=== Section Start ===

lemma nn_integral_gamma_gauss_dens:
  fixes z :: "real^'d"
  assumes K: "K \<ge> 0" and V: "V > 0" and S: "S > 0" and p: "p + real CARD('d) / 2 > -1"
  defines "e \<equiv> p + real CARD('d) / 2 + 1"
  shows "(\<integral>\<^sup>+\<eta>. indicator {0<..} \<eta>
      * ennreal (K * (\<eta> powr p * exp (- \<eta> * S / 2) * gauss_dens z 0 (V / \<eta>))) \<partial>lborel)
    = ennreal (K * ((2 * pi * V) powr (- real CARD('d) / 2)
        * (Gamma e / (S / 2 + (norm z)\<^sup>2 / (2 * V)) powr e)))"
proof -
  define C where "C = K * (2 * pi * V) powr (- real CARD('d) / 2)"
  have C: "C \<ge> 0" using K by (simp add: C_def)
  define c where "c = S / 2 + (norm z)\<^sup>2 / (2 * V)"
  have c: "c > 0" using S V by (simp add: c_def add_pos_nonneg)
  have integrand: "K * (\<eta> powr p * exp (- \<eta> * S / 2) * gauss_dens z 0 (V / \<eta>))
      = C * (\<eta> powr (e - 1) * exp (- c * \<eta>))" if "\<eta> > 0" for \<eta>
    using that
    by (simp add: gauss_dens_zero_scale[OF V that] C_def c_def e_def powr_add
        mult_exp_exp algebra_simps)
  have "(\<integral>\<^sup>+\<eta>. indicator {0<..} \<eta>
      * ennreal (K * (\<eta> powr p * exp (- \<eta> * S / 2) * gauss_dens z 0 (V / \<eta>))) \<partial>lborel)
      = (\<integral>\<^sup>+\<eta>. ennreal C * (indicator {0<..} \<eta> * ennreal (\<eta> powr (e - 1) * exp (- c * \<eta>))) \<partial>lborel)"
  proof (intro nn_integral_cong)
    fix \<eta> :: real
    show "indicator {0<..} \<eta> * ennreal (K * (\<eta> powr p * exp (- \<eta> * S / 2) * gauss_dens z 0 (V / \<eta>)))
        = ennreal C * (indicator {0<..} \<eta> * ennreal (\<eta> powr (e - 1) * exp (- c * \<eta>)))"
    proof (cases "\<eta> > 0")
      case True
      then show ?thesis by (simp only: integrand[OF True] ennreal_cmult_indicator[OF C])
    qed simp
  qed
  also have "\<dots> = ennreal C * ennreal (Gamma e / c powr e)"
    using nn_integral_gamma_kernel[of "e - 1" c] p c by (simp add: nn_integral_cmult e_def)
  also have "\<dots> = ennreal (C * (Gamma e / c powr e))"
    by (rule ennreal_mult'[OF C, symmetric])
  finally show ?thesis
    by (simp add: C_def c_def mult.assoc)
qed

=== Section End ===

▸ **WHAT YOU NEED TO DO**
Give the data again. Keep every line identical.

▸ **SOLUTION TO THE PROBLEM**
lemma nn_integral_gamma_gauss_dens:
  fixes z :: "real^'d"
  assumes K: "K \<ge> 0" and V: "V > 0" and S: "S > 0" and p: "p + real CARD('d) / 2 > -1"
  defines "e \<equiv> p + real CARD('d) / 2 + 1"
  shows "(\<integral>\<^sup>+\<eta>. indicator {0<..} \<eta>
      * ennreal (K * (\<eta> powr p * exp (- \<eta> * S / 2) * gauss_dens z 0 (V / \<eta>))) \<partial>lborel)
    = ennreal (K * ((2 * pi * V) powr (- real CARD('d) / 2)
        * (Gamma e / (S / 2 + (norm z)\<^sup>2 / (2 * V)) powr e)))"
proof -
  define C where "C = K * (2 * pi * V) powr (- real CARD('d) / 2)"
  have C: "C \<ge> 0" using K by (simp add: C_def)
  define c where "c = S / 2 + (norm z)\<^sup>2 / (2 * V)"
  have c: "c > 0" using S V by (simp add: c_def add_pos_nonneg)
  have integrand: "K * (\<eta> powr p * exp (- \<eta> * S / 2) * gauss_dens z 0 (V / \<eta>))
      = C * (\<eta> powr (e - 1) * exp (- c * \<eta>))" if "\<eta> > 0" for \<eta>
    using that
    by (simp add: gauss_dens_zero_scale[OF V that] C_def c_def e_def powr_add
        mult_exp_exp algebra_simps)
  have "(\<integral>\<^sup>+\<eta>. indicator {0<..} \<eta>
      * ennreal (K * (\<eta> powr p * exp (- \<eta> * S / 2) * gauss_dens z 0 (V / \<eta>))) \<partial>lborel)
      = (\<integral>\<^sup>+\<eta>. ennreal C * (indicator {0<..} \<eta> * ennreal (\<eta> powr (e - 1) * exp (- c * \<eta>))) \<partial>lborel)"
  proof (intro nn_integral_cong)
    fix \<eta> :: real
    show "indicator {0<..} \<eta> * ennreal (K * (\<eta> powr p * exp (- \<eta> * S / 2) * gauss_dens z 0 (V / \<eta>)))
        = ennreal C * (indicator {0<..} \<eta> * ennreal (\<eta> powr (e - 1) * exp (- c * \<eta>)))"
    proof (cases "\<eta> > 0")
      case True
      then show ?thesis by (simp only: integrand[OF True] ennreal_cmult_indicator[OF C])
    qed simp
  qed
  also have "\<dots> = ennreal C * ennreal (Gamma e / c powr e)"
    using nn_integral_gamma_kernel[of "e - 1" c] p c by (simp add: nn_integral_cmult e_def)
  also have "\<dots> = ennreal (C * (Gamma e / c powr e))"
    by (rule ennreal_mult'[OF C, symmetric])
  finally show ?thesis
    by (simp add: C_def c_def mult.assoc)
qed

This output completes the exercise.